Mr. Weiler alleges that the U.S. refused to take steps to shut Stanford down earlier because U.S. officials believed the majority of Stanford’s victims were not U.S. nationals. The Canadian lawyer argues that international trade treaties, among them the North American Free Trade Agreement, require that the U.S. government treat investors from all signatory countries equally, regardless of their residency.

“If this had happened to Americans in Mexico, there’d be no doubt that those Americans would be bringing a NAFTA claim against Mexico, and that they would deserve to win,” Mr. Weiler said in an interview. “The Americans have for 100 years used these agreements and other policies to bring other governments to heel and make sure they get this kind of protection and legal security.”

The U.S. State Department web site shows that it has received notice of legal actions Mr. Weiler has filed on behalf of Stanford victims from Guatemala, Costa Rica, Dominican Republic, Uruguay, Chile and Peru, and which are brought under various trade agreements the U.S. has signed with those countries. However, the U.S. government has not yet acknowledged on the web site that it has received the NAFTA claim that Mr. Weiler has filed on behalf of Mexican and Canadian residents. All the claims contain allegations that have yet to be proven at a hearing.

A high-flying Texas businessman who built a series of financial institutions in the United States and the Caribbean, Stanford was eventually arrested and charged with fraud in 2009. He had been known as “Sir Allen Stanford” in recognition of his services to the government of Antigua and Barbuda. He was tried in U.S. federal court and sentenced to 110 years in prison upon his conviction for fraud in 2012. His knighthood was revoked in 2010.
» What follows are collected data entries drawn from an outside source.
lemma eta'_pmin_sqnorm_le:
  assumes "N \<ge> 1" and "y \<in> solution_set N"
  shows "eta' N p * pmin N p * sqnorm N y \<le> pmin N p * sqnorm_diff2 N y"
proof (cases "pmin N p \<ge> 0")
  case True
  then show ?thesis
    using mult_left_mono[OF lambda2_sqnorm_le[OF assms] True] by (simp add: eta'_def mult_ac)
next
  case False
  have "sqnorm_diff2 N y \<le> 16 * sqnorm N y"
    using sqnorm_diff2_le[OF assms(2)] sqnorm_diff_le[OF assms(2)] by linarith
  then show ?thesis
    using mult_left_mono_neg[of _ _ "pmin N p"] False by (simp add: eta'_def mult_ac)
qed

lemma qmax_sqnorm_diff_le:
  assumes "N \<ge> 1" and "y \<in> solution_set N"
  shows "qmax N q * sqnorm_diff N y \<le> eta N q * qmax N q * sqnorm N y"
proof (cases "qmax N q < 0")
  case True
  then show ?thesis
    using mult_left_mono_neg[OF lambda1_sqnorm_le[OF assms], of "qmax N q"] by (simp add: eta_def mult_ac)
next
  case False
  then show ?thesis
    using mult_left_mono[OF sqnorm_diff_le[OF assms(2)], of "qmax N q"] by (simp add: eta_def mult_ac)
qed

lemma Jfun_lower_bound:
  assumes "N \<ge> 1" and y: "y \<in> solution_set N" and C: "\<forall>k\<in>{1..int N}. \<forall>s. C k \<le> Fprim f k s"
  shows "(eta' N p * pmin N p - eta N q * qmax N q) / 2 * sqnorm N y + (\<Sum>k=1..int N. C k)
    \<le> Jfun N p q f y"
proof -
  have "pmin N p / 2 * sqnorm_diff2 N y \<le> (\<Sum>k=1..int N + 2. p k / 2 * (\<Delta> (\<Delta> y) (k - 2))\<^sup>2)"
    unfolding sqnorm_diff2_def sum_distrib_left pmin_def
    by (intro sum_mono mult_right_mono) (auto intro: Min_le)
  moreover have "(\<Sum>k=1..int N + 1. q k / 2 * (\<Delta> y (k - 1))\<^sup>2) \<le> qmax N q / 2 * sqnorm_diff N y"
    unfolding sqnorm_diff_def sum_distrib_left qmax_def
    by (intro sum_mono mult_right_mono) (auto intro: Max_ge)
  moreover have "(\<Sum>k=1..int N. C k) \<le> (\<Sum>k=1..int N. Fprim f k (y k))"
    using C by (intro sum_mono) auto
  ultimately show ?thesis
    using eta'_pmin_sqnorm_le[OF assms(1,2), of p] qmax_sqnorm_diff_le[OF assms(1,2), of q]
    unfolding Jfun_def by (simp add: field_simps)
qed

theorem theorem3:
  fixes N :: nat and f :: "int \<Rightarrow> real \<Rightarrow> real" and p q :: "int \<Rightarrow> real"
  assumes "N \<ge> 1"
    and "\<forall>k \<in> {1..int N}. continuous_on UNIV (f k)"
    and "\<exists>m > 0. \<forall>k \<in> {1..int N}. \<forall>s. \<bar>s\<bar> \<ge> m \<longrightarrow> s * f k s \<ge> 0"
    and "eta' N p * pmin N p - eta N q * qmax N q > 0"
  shows "coercive_on N (Jfun N p q f)
    \<and> (\<exists>y. is_solution N p q f y
           \<and> ((\<exists>k0 \<in> {1..int N}. f k0 0 \<noteq> 0) \<longrightarrow> (\<exists>k \<in> {-1..int N + 2}. y k \<noteq> 0)))"
proof -
  obtain m where "m > 0" and "\<forall>k \<in> {1..int N}. \<forall>s. \<bar>s\<bar> \<ge> m \<longrightarrow> s * f k s \<ge> 0"
    using assms(3) by blast
  then have "\<forall>k\<in>{1..int N}. \<exists>C. \<forall>s. C \<le> Fprim f k s"
    using Fprim_bounded_below assms(2) by blast
  then obtain C where C: "\<forall>k\<in>{1..int N}. \<forall>s. C k \<le> Fprim f k s"
    by metis
  have coercive: "coercive_on N (Jfun N p q f)"
    using Jfun_lower_bound[OF assms(1) _ C] assms(4)
    by (intro coercive_on_quadratic_lower_bound[of "(eta' N p * pmin N p - eta N q * qmax N q) / 2"]) auto
  obtain y where y: "y \<in> solution_set N"
    and min: "\<forall>z\<in>solution_set N. Jfun N p q f y \<le> Jfun N p q f z"
    using coercive_on_attains_min[OF continuous_on_Jfun[OF assms(2)] coercive] by blast
  have euler_lagrange: "\<Delta> (\<Delta> (\<lambda>j. p j * \<Delta> (\<Delta> y) (j - 2))) k + \<Delta> (\<lambda>j. q j * \<Delta> y (j - 1)) k
      + f k (y k) = 0" if "k \<in> {1..int N}" for k
    by (rule energy_min_imp_euler_lagrange[OF _ y _ that])
      (use has_real_derivative_Fprim assms(2) min in \<open>simp_all add: Jfun_eq_energy\<close>)
  then have "is_solution N p q f y"
    using y by (simp add: is_solution_def solution_set_def)
  moreover have "\<exists>k \<in> {-1..int N + 2}. y k \<noteq> 0" if "k0 \<in> {1..int N}" "f k0 0 \<noteq> 0" for k0
  proof (rule ccontr)
    assume "\<not> ?thesis"
    then have "y = (\<lambda>_. 0)"
      using solution_set_vanishes[OF y] by fastforce
    then show False using euler_lagrange[OF that(1)] that(2) by (simp add: fwd_diff_def)
  qed
  ultimately show ?thesis using coercive by blast
qed

end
Investors who placed funds with Stanford International Bank received “certificates of deposit” or CDs that were supposed to be low risk investments that offered generous returns. The scheme took in more than US$7-billion. Some 21,000 investors from around the world were taken in.

SEC officials, who are responsible for protecting the investments of investors, acted with unconscionable negligence

Stanford’s activities caught the attention of U.S. regulators as early as 1997, a mere two years after the Stanford Group of Companies registered with the SEC in 1995, according to a report completed in 2010 by David Kotz, who was at the time the SEC’s inspector general. The NAFTA claim filed by Mr. Weiler relies on that report, which concluded that the SEC could have sought legal action to shut down Stanford years earlier than it did.

“SEC officials, who are responsible for protecting the investments of investors such as the claimants against criminal enterprises such as SFG, acted with unconscionable negligence and or manifest incompetence, causing millions of dollars of losses to the claimants as a result,” the claim states.

Because Mr. Weiler’s claim is structured as a proposed international arbitration, the legal action is open only to non-U.S. residents from countries with which the U.S. has signed trade agreements. Mr. Weiler says the action, which he is bringing in conjunction with several other lawyers from the United States, could include “several thousand” clients.

Other third parties have been targeted for their connection to Stanford. Liquidators of Stanford International Bank have sued Toronto-Dominion bank in Quebec and other jurisdictions on the theory that, as Stanford’s banker, TD should have known the Texan businessman was up to no good. TD denies the allegation.